In Summer Session Course, Literature and Film Take the “Lead”

 

Nicholas Warner Nicholas Warner

Taught by a regular CMC faculty member, Summer Session courses allow you to advance in your major, complete some GE requirements, and explore important topics. Whether you opt for a three- or six-week course, Summer Session offers a wide range of courses to choose from.

Leadership in Literature and Film, a six-week summer session class beginning May 22, might be one of those options. In this course, students are going to examine different aspects of the leadership theme in literature––with special attention to topics such as ethical dilemmas in leadership, different styles and models of leadership, and the competing loyalties and pressures felt by leaders.

Taught by associate dean of the faculty and professor of literature Nicholas Warner, the class will also address questions that literature raises about the very nature and validity of leadership's various forms.

Authors to be studied include Shakespeare, Friedrich Schiller, Tolstoy, Willa Cather, and Michael Shaara, with additional readings in leadership theory. Also on tap will be several films dealing with the leadership theme.

The course will be taught on Mondays, Wednesdays and Fridays though July 3.

We asked Warner, whose expertise includes the subjects of Russian, American, and English literature, more about the course, the best advice he ever received from a teacher, and how (besides teaching, of course) he likes to spend his summer hiatus.

CMC: What can literary and film figures teach us about leadership?

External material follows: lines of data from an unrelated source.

(* Let $0\le t_o<t_f$ be real numbers, let $p:[t_o,t_f)\to\mathbb{R}$ and $q:[t_o,t_f)\to\mathbb{R}_{\ge0}$ be signals such that $q(t)=0\implies p(t)=0$ for every $t\in[t_o,t_f)$, and let $r(\tau)=\alpha\tau$ ($\tau>0$) with $\alpha\in\mathbb{R}$ (so $\dot r(0)=\alpha$). For $t_o\le t_0<t_1\le t_f$ with $\int_{t_0}^{t_1}q(t)\,dt>0$ define $\psi(t_0,t_1)=\dfrac{\int_{t_0}^{t_1}p(t)\,dt+r(t_1-t_0)}{\int_{t_0}^{t_1}q(t)\,dt}$. Let $\Psi=\{(t_0,t_1):t_o\le t_0<t_1\le t_f\}$, $\Psi_q=\{(t_0,t_1)\in\Psi:q(t)=0\ \forall t\in[t_0,t_1)\}$ and $\tilde\Psi_q=\{t\in[t_o,t_f):q(t)=0\}$. Then: (i) if $r(\tau)\le0$ for all $\tau>0$, $$\max_{(t_0,t_1)\in\Psi\setminus\Psi_q}\psi(t_0,t_1)=\max_{t\in[t_o,t_f)\setminus\tilde\Psi_q}\lim_{\Delta\to0}\psi(t,t+\Delta);$$ (ii) if $r(\tau)\ge0$ for all $\tau>0$, $$\min_{(t_0,t_1)\in\Psi\setminus\Psi_q}\psi(t_0,t_1)=\min_{t\in[t_o,t_f)\setminus\tilde\Psi_q}\lim_{\Delta\to0}\psi(t,t+\Delta);$$ where $\lim_{\Delta\to0}\psi(t,t+\Delta)=\dfrac{p(t)+\dot r(0)}{q(t)}$.
   Context: This is the fractional function $\frac{\int p+r}{\int q+s}$ with the linear map $s$ in the denominator identically zero; $r$ is a continuous linear map $\mathbb{R}_{>0}\to\mathbb{R}$. *)

theory Defs
  imports "HOL-Analysis.Analysis"
begin

definition psi :: "(real \<Rightarrow> real) \<Rightarrow> (real \<Rightarrow> real) \<Rightarrow> (real \<Rightarrow> real) \<Rightarrow> real \<Rightarrow> real \<Rightarrow> real" where
  "psi p q r t0 t1 = (integral {t0..t1} p + r (t1 - t0)) / integral {t0..t1} q"

definition Psi_set :: "real \<Rightarrow> real \<Rightarrow> (real \<times> real) set" where
  "Psi_set to tf = {(t0, t1). to \<le> t0 \<and> t0 < t1 \<and> t1 \<le> tf}"

definition Psi_q :: "(real \<Rightarrow> real) \<Rightarrow> real \<Rightarrow> real \<Rightarrow> (real \<times> real) set" where
  "Psi_q q to tf = {(t0, t1) \<in> Psi_set to tf. \<forall>t\<in>{t0..<t1}. q t = 0}"

definition Psi_q_tilde :: "(real \<Rightarrow> real) \<Rightarrow> real \<Rightarrow> real \<Rightarrow> real set" where
  "Psi_q_tilde q to tf = {t \<in> {to..<tf}. q t = 0}"

end

theory Submission
  imports Defs
begin

text \<open>For the maximum it suffices to show that \<open>\<psi>\<close> and the pointwise ratio have the same real
  upper bounds. If \<open>M\<close> bounds \<open>(p t + \<alpha>) / q t\<close> from above, then \<open>p + \<alpha> \<le> M q\<close> holds on every
  window \<open>[t\<^sub>0, t\<^sub>1)\<close>, also at zeros of \<open>q\<close> because there \<open>p = 0\<close> and \<open>\<alpha> \<le> 0\<close>; integrating gives
  \<open>\<psi>(t\<^sub>0, t\<^sub>1) \<le> M\<close>. Conversely, by continuity the pointwise ratio is the limit of \<open>\<psi>(t, t + \<Delta>)\<close>
  as the window shrinks, so every bound of \<open>\<psi>\<close> bounds the ratio. The minimum case is the maximum
  case for \<open>-p\<close> and \<open>-\<alpha>\<close>.\<close>

lemma tendsto_integral_average_at_right:
  fixes f :: "real \<Rightarrow> real"
  assumes "continuous_on {a..<b} f" "t \<in> {a..<b}"
  shows "((\<lambda>\<Delta>. integral {t..t + \<Delta>} f / \<Delta>) \<longlongrightarrow> f t) (at_right 0)"
proof -
  define c where "c = (t + b) / 2"
  have "t < c" "continuous_on {t..c} f"
    using assms by (auto simp: c_def intro: continuous_on_subset)
  then have "((\<lambda>x. integral {t..x} f) has_real_derivative f t) (at t within {t..c})"
    by (simp add: integral_has_real_derivative)
  then have "((\<lambda>x. integral {t..x} f / (x - t)) \<longlongrightarrow> f t) (at_right t)"
    using \<open>t < c\<close> by (simp add: has_field_derivative_iff at_within_Icc_at_right)
  then show ?thesis
    by (subst (asm) filterlim_at_right_to_0) (simp add: add.commute)
qed
lemma sum_rho_qstar_row:
  "(\<Sum>j\<in>UNIV. \<rho>$j * q_star k j) = (\<gamma>P / real CARD('n) * (\<Sum>j\<in>UNIV. \<rho>$j * K_star j)
    - \<sigma> / sqrt (real CARD('n)) * \<gamma>$k * zS_star$k * (\<Sum>j\<in>UNIV. (\<rho>$j)^2)
    - \<rho>$k * ((q_star k k / \<nu>$k - 1) / (c$k * \<nu>$k))) / \<gamma>$k"
proof -
  have first_order: "\<gamma>$k * q_star k j = \<gamma>P / real CARD('n) * K_star j
      - \<sigma> / sqrt (real CARD('n)) * \<rho>$j * \<gamma>$k * zS_star$k
      - (if k = j then (q_star j j / \<nu>$j - 1) / (c$j * \<nu>$j) else 0)" for j
    using qstar_first_order[of k j] by linarith
  have "\<gamma>$k * (\<Sum>j\<in>UNIV. \<rho>$j * q_star k j) = (\<Sum>j\<in>UNIV. \<rho>$j * (\<gamma>$k * q_star k j))"
    by (simp add: sum_distrib_left mult_ac)
  also have "\<dots> = (\<Sum>j\<in>UNIV. \<rho>$j * (\<gamma>P / real CARD('n) * K_star j
      - \<sigma> / sqrt (real CARD('n)) * \<rho>$j * \<gamma>$k * zS_star$k
      - (if k = j then (q_star j j / \<nu>$j - 1) / (c$j * \<nu>$j) else 0)))"
    by (simp only: first_order)
  also have "\<dots> = \<gamma>P / real CARD('n) * (\<Sum>j\<in>UNIV. \<rho>$j * K_star j)
      - \<sigma> / sqrt (real CARD('n)) * \<gamma>$k * zS_star$k * (\<Sum>j\<in>UNIV. (\<rho>$j)^2)
      - \<rho>$k * ((q_star k k / \<nu>$k - 1) / (c$k * \<nu>$k))"
    by (simp add: right_diff_distrib sum_subtractf sum_distrib_left sum_divide_distrib mult_if_zero
        power2_eq_square mult_ac)
  finally show ?thesis
    using gamma_pos[of k] by (simp add: field_simps)
qed

lemma ellcoef_eq:
  defines "n \<equiv> real CARD('n)"
  shows "ellcoef \<sigma> \<gamma>P c \<gamma> \<nu> \<rho> k =
    \<sigma> / (n * sqrt n) * (\<rho>$k * ((q_star k k / \<nu>$k - 1) / (c$k * \<nu>$k)))
    + (mucoef \<sigma> \<gamma>P c \<gamma> \<nu> \<rho> k - \<gamma>$k * \<sigma>^2 / n * (1 - (\<Sum>j\<in>UNIV. (\<rho>$j)^2) / n))
      * zS_star$k"
proof -
  define r where "r = sqrt n"
  define A where "A = Acoef c \<gamma> \<nu> k"
  define \<kappa> where "\<kappa> = kappacoef \<gamma>P c \<gamma> \<nu> k"
  define d where "d = dcoef \<gamma>P c \<gamma> \<nu> k"
  have n: "n > 0" and r: "r > 0" and rr: "r^2 = n" and A: "A > 0" and \<kappa>: "\<kappa> > 0"
    using Acoef_pos kappacoef_pos unfolding n_def r_def A_def \<kappa>_def by simp_all
  have \<gamma>: "\<gamma>$k = A - 1 / (c$k * (\<nu>$k)^2)"
    unfolding A_def Acoef_def by simp
  have p3: "n powr (3/2) = n * r" and p5: "n powr (5/2) = n^2 * r"
    unfolding r_def using n by (simp_all add: powr_three_halves powr_five_halves)
  show ?thesis
    unfolding ellcoef_def mucoef_def qstar_diag Kfun_def mcoef_def Let_def n_def[symmetric]
      r_def[symmetric] A_def[symmetric] \<kappa>_def[symmetric] d_def[symmetric] p3 p5
    unfolding \<gamma>
    using n r A \<kappa> c_pos[of k] nu_pos[of k]
    by (simp add: rr[symmetric] field_simps power2_eq_square power3_eq_cube)
qed

lemma Hfull_zstar_add_bfull_Inr:
  "(Hfull \<sigma> \<gamma>P c \<gamma> \<nu> \<rho> *v stack (vecm (zQstar \<sigma> \<gamma>P c \<gamma> \<nu> \<rho>)) zS_star
    + bfull \<sigma> \<gamma>P c \<nu> \<rho>) $ Inr k =
    ellcoef \<sigma> \<gamma>P c \<gamma> \<nu> \<rho> k - mucoef \<sigma> \<gamma>P c \<gamma> \<nu> \<rho> k * zS_star$k
    - lambdacoef \<sigma> \<gamma>P \<rho> * (\<Sum>l\<in>UNIV. zS_star$l)"
proof -
  define n where "n = real CARD('n)"
  define r where "r = sqrt n"
  have n: "n > 0" and r: "r > 0" and rr: "r^2 = n"
    unfolding n_def r_def by simp_all
  have row: "(\<Sum>j\<in>UNIV. \<rho>$j * \<nu>$j * zQstar \<sigma> \<gamma>P c \<gamma> \<nu> \<rho> $ k $ j) = (\<Sum>j\<in>UNIV. \<rho>$j * q_star k j)"
    using nu_pos by (simp add: zQstar_def less_imp_neq[symmetric])
  show ?thesis
    unfolding Hfull_stack_add_bfull_Inr row residual_zQstar sum_rho_qstar_row ellcoef_eq
      n_def[symmetric] r_def[symmetric]
    using n r gamma_pos[of k] nu_pos[of k] c_pos[of k]
    by (simp add: rr[symmetric] field_simps power2_eq_square)
qed
(* Under the standing assumptions below, the closure $\overline{\mathcal P_1}$ is a perfect set; consequently $\overline{\mathcal P_1}$ is uncountable and $\overline{\mathcal P_1}\setminus\mathcal P_1$ is uncountable.
   Context: Fix $\rho_1,\rho_2,\rho_3\in(0,1)$ with $\rho_1+\rho_2+\rho_3>1$ and $\rho_i+\rho_j\le1$ for all $i\ne j$; $\mu_i=1$, $\theta:=\rho_1+\rho_2+\rho_3-1$. $A_i^0:=\{y\in\mathbb R^3: y_1+y_2+y_3=1, y_i=0, y_l\ge0\}$, $A^0:=\bigcup_iA_i^0$; for $z\in A^0\setminus A_j^0$, $f_j(z):=\sum_{i\neq j}\frac{(1-\rho_j)z_i+\rho_i z_j}{(1-\rho_j)+\theta z_j}e_i$. For $(\hat i,\hat j,\hat k)$ equal to $(1,2,3)$ or a cyclic permutation, $(1-x)e_{\hat j}+xe_{\hat k}\in A^0_{\hat i}$ is written $(x,\hat i)$. Decision points $d_1,d_2,d_3\in(0,1)$ (identified with $(d_{\hat i},\hat i)$); switching rule $\mathfrak R((x,\hat i))=\hat j$ if $x<d_{\hat i}$, $\hat k$ if $x>d_{\hat i}$, both allowed if $x=d_{\hat i}$; $\varphi(z):=f_{\mathfrak R(z)}(z)$. A trajectory is $(z(t))$ with $z(t+1)\in\varphi(z(t))$; $z$ is a pre-image of $z'$ if some trajectory from $z$ has $z(t)=z'$ for some $t\ge1$. Standing assumption: $d_1$ has infinitely many distinct pre-images, while $d_2$ and $d_3$ have only finitely many. $\mathcal P_1$ is the set consisting of $d_1$ and all its pre-images; closure is with respect to the Euclidean topology on $A^0$. *)

theory Defs
  imports "HOL-Analysis.Analysis"
begin
(* Let $n,N\ge 1$ and $\varepsilon\ge 0$ be integers with $\varepsilon/n\le 1/2$ and $N<2^{n(1-h(\varepsilon/n))-1}$. Let $p=1-(1-V_\varepsilon)^N$ be the success probability of a single trial of the attacker, and let $m_{out}=-\ln 2/\ln(1-p)$ be the median number of trials for the attacker to successfully impersonate a user. Then $$m_{out}=\Omega\left(2^{n(1-h(\varepsilon/n))-\log_2 N}\right)\quad\text{and}\quad m_{out}=O\left(2^{n(1-h(\varepsilon/n))+\frac{1}{2}\log_2\left(\varepsilon\left(1-\frac{\varepsilon}{n}\right)\right)-\log_2 N}\right),$$ where $h$ is the binary entropy function.
   Context: Templates are binary vectors in $\mathbb{Z}_2^n$ compared with the Hamming distance $d_{\mathcal H}$; a guess $t$ is accepted against an enrolled template $v$ if $d_{\mathcal H}(t,v)\le\varepsilon$. The $N$ enrolled templates are independent and uniformly distributed in $\mathbb{Z}_2^n$, and the (outsider) attacker generates independent uniformly random templates until one is within distance $\varepsilon$ of some enrolled template. $B_\varepsilon(t)=\{y\in\mathbb{Z}_2^n: d_{\mathcal H}(t,y)\le\varepsilon\}$, $|B_\varepsilon|=\sum_{k=0}^{\varepsilon}\binom{n}{k}$, and $V_\varepsilon=|B_\varepsilon|/2^n$. The binary entropy function is $h(x)=-x\log_2 x-(1-x)\log_2(1-x)$. *)

theory Defs
  imports Complex_Main
begin

text \<open>Binary entropy function h(x) = - x log2 x - (1-x) log2 (1-x).
  (At x = 0 the product 0 * log 2 0 is 0 in Isabelle, matching the usual convention.)\<close>
definition bin_entropy :: "real \<Rightarrow> real" where
  "bin_entropy x = - x * log 2 x - (1 - x) * log 2 (1 - x)"

definition ball_size :: "nat \<Rightarrow> nat \<Rightarrow> nat" where
  "ball_size n eps = (\<Sum>k\<le>eps. n choose k)"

Warner: Leadership is above all a process of human interaction, and literature and film are unsurpassed in exploring human interactions in an enormous variety of settings. One of the foundational texts of western culture, The Iliad, begins with a debate between two leaders, Achilles and Agamemnon. The plays of Shakespeare abound with leaders and followers interacting with one another. For example, Henry V is among many other things a probing study of charismatic leadership, and of the ethical as well as pragmatic aspects of the mutual relationship between leaders and followers. The works of such great 19th-century novelists as Melville, Dostoevsky, and Tolstoy pose profound questions about the nature of leadership; films from Executive Suite, to Lawrence of Arabia to Norma Rae to The Godfather are but a few examples of the ways that film can explore leadership in relation to business, war, gender, and even crime. Literature and film encompass all aspects of human behavior, and since almost all of those same aspects enter into leadership, the study of leadership as a literary or cinematic theme makes perfect sense.

CMC: Which author that you’ll cover in your class do you believe has the best lesson to teach about the potential pitfalls of leadership, and why?

Warner: I don’t really approach works of art as necessarily having discrete lessons to teach, and I can’t identify any one “best” work or author for leadership. Great works of art resonate differently with individual students; one of the great rewards of teaching a powerful novel or film or poem or play is its ability to provide new angles of insight into topics that touch our lives, including leadership. More specifically, the leadership issues that the course will examine include ethical dilemmas confronting leaders, different styles and models of leadership, the intersection of private and public in a leader’s life, and the competing loyalties and pressures felt both by leaders and their followers. We will also explore the ways that literature often raises provocative questions about the nature and even the desirability of leadership.

CMC: Can you describe the moment when you knew you wanted to be a teacher?

Warner: Yes, when I was in eighth grade and was responsible for supervising classmates’ homework and tests for a French teacher who was on leave. Eventually, I considered other professions, but in college I thought I would love to do for a living what I saw my professors doing.

CMC: What is the best advice you ever received from a professor (or teacher) when you were a student?

Warner: Take yourself seriously, but not too seriously.

CMC: What aspect of your summer material do you most look forward to sharing with students?

Warner: There’s such an abundance of great material to work with that I think each book or movie I work on will be my favorite one of the moment!

CMC: What is the single favorite thing you like to do during summer?

Warner: Travel, especially with my family.